--- Provided records ---

definition "ExMove es k body =
  Disj (Bind Z body) (ExIn es (ExLess (Lift k) (Bind (S (PairE (V 1) (V 0))) (Lift1 (Lift1 body)))))"
definition "AllMove es k body = Neg (ExMove es k (Neg body))"

lemma holds_ExMove [simp]:
  "holds (ExMove es k body) env \<longleftrightarrow>
    (\<exists>b\<in>moves (ev k env) (decode_cell ` set (list_decode (ev es env))). holds body (code_move b # env))"
proof -
  obtain Es where "ev es env = list_encode (map code_cell Es)"
    by (metis list_decode_inverse map_map code_decode_cell comp_def map_idI)
  then show ?thesis by (simp add: ExMove_def bex_moves image_image)
qed

lemma holds_AllMove [simp]:
  "holds (AllMove es k body) env \<longleftrightarrow>
    (\<forall>b\<in>moves (ev k env) (decode_cell ` set (list_decode (ev es env))). holds body (code_move b # env))"
  by (simp add: AllMove_def)

definition "HasLength d x =
  (if d = 0 then IsZero x else Conj (IsZero (DropE (num d) x)) (Neg (IsZero (DropE (num (d - 1)) x))))"

lemma holds_HasLength [simp]: "holds (HasLength d x) env \<longleftrightarrow> length (list_decode (ev x env)) = d"
proof -
  obtain xs where "ev x env = list_encode xs" by (metis list_decode_inverse)
  then show ?thesis by (cases "xs = []") (auto simp: HasLength_def le_diff_conv2)
qed

(* Since int_decode v = pos_part v - neg_part v, an equation between sums of decoded integers
   is an equation between sums of natural numbers, which expressions can evaluate. *)
definition pos_part :: "nat \<Rightarrow> nat" where
  "pos_part v = (if even v then v div 2 else 0)"

definition neg_part :: "nat \<Rightarrow> nat" where
  "neg_part v = (if even v then 0 else Suc (v div 2))"

lemma int_decode_parts: "int_decode v = int (pos_part v) - int (neg_part v)"
  by (simp add: pos_part_def neg_part_def int_decode_def sum_decode_def)

lemma int_decode_sum_eq_iff:
  "pos_part u1 + pos_part u2 + (neg_part u3 + neg_part u4) = pos_part u3 + pos_part u4 + (neg_part u1 + neg_part u2)
   \<longleftrightarrow> int_decode u1 + int_decode u2 = int_decode u3 + int_decode u4"
  unfolding int_decode_parts by linarith

definition "Coord x = Hd (DropE (V 0) (Lift x))"
definition "PosPart y = Ite (Even y) (Half y) Z"
definition "NegPart y = Ite (Even y) Z (S (Half y))"

lemma ev_PosPart [simp]: "ev (PosPart y) env = pos_part (ev y env)"
  by (simp add: PosPart_def pos_part_def)

lemma ev_NegPart [simp]: "ev (NegPart y) env = neg_part (ev y env)"
  by (simp add: NegPart_def neg_part_def)

lemma int_decode_coordinate [simp]:
  "int_decode (ev (Coord x) (l # env)) = nth_default 0 (decode_cell (ev x env)) l"
proof -
  obtain xs where x: "ev x env = list_encode xs" by (metis list_decode_inverse)
  show ?thesis
  proof (cases "l < length xs")
    case True
    then have "drop l xs \<noteq> []" by simp
    with True show ?thesis
      by (simp add: Coord_def x hd_code_list_encode decode_cell_def nth_default_nth hd_drop_conv_nth)
  next
    case False
    then show ?thesis
      by (simp add: Coord_def x decode_cell_def nth_default_beyond int_decode_def sum_decode_def)
  qed
qed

---

▶ **What the task asks**: Reproduce, word for word, the lines of the data from the one that contains "(if d = 0 then" to the end, both ends included.

▶ **Solution to this task**:
  (if d = 0 then IsZero x else Conj (IsZero (DropE (num d) x)) (Neg (IsZero (DropE (num (d - 1)) x))))"

lemma holds_HasLength [simp]: "holds (HasLength d x) env \<longleftrightarrow> length (list_decode (ev x env)) = d"
proof -
  obtain xs where "ev x env = list_encode xs" by (metis list_decode_inverse)
  then show ?thesis by (cases "xs = []") (auto simp: HasLength_def le_diff_conv2)
qed

(* Since int_decode v = pos_part v - neg_part v, an equation between sums of decoded integers
   is an equation between sums of natural numbers, which expressions can evaluate. *)
definition pos_part :: "nat \<Rightarrow> nat" where
  "pos_part v = (if even v then v div 2 else 0)"

definition neg_part :: "nat \<Rightarrow> nat" where
  "neg_part v = (if even v then 0 else Suc (v div 2))"

lemma int_decode_parts: "int_decode v = int (pos_part v) - int (neg_part v)"
  by (simp add: pos_part_def neg_part_def int_decode_def sum_decode_def)

lemma int_decode_sum_eq_iff:
  "pos_part u1 + pos_part u2 + (neg_part u3 + neg_part u4) = pos_part u3 + pos_part u4 + (neg_part u1 + neg_part u2)
   \<longleftrightarrow> int_decode u1 + int_decode u2 = int_decode u3 + int_decode u4"
  unfolding int_decode_parts by linarith

definition "Coord x = Hd (DropE (V 0) (Lift x))"
definition "PosPart y = Ite (Even y) (Half y) Z"
definition "NegPart y = Ite (Even y) Z (S (Half y))"

lemma ev_PosPart [simp]: "ev (PosPart y) env = pos_part (ev y env)"
  by (simp add: PosPart_def pos_part_def)

lemma ev_NegPart [simp]: "ev (NegPart y) env = neg_part (ev y env)"
  by (simp add: NegPart_def neg_part_def)

lemma int_decode_coordinate [simp]:
  "int_decode (ev (Coord x) (l # env)) = nth_default 0 (decode_cell (ev x env)) l"
proof -
  obtain xs where x: "ev x env = list_encode xs" by (metis list_decode_inverse)
  show ?thesis
  proof (cases "l < length xs")
    case True
    then have "drop l xs \<noteq> []" by simp
    with True show ?thesis
      by (simp add: Coord_def x hd_code_list_encode decode_cell_def nth_default_nth hd_drop_conv_nth)
  next
    case False
    then show ?thesis
      by (simp add: Coord_def x decode_cell_def nth_default_beyond int_decode_def sum_decode_def)
  qed
qed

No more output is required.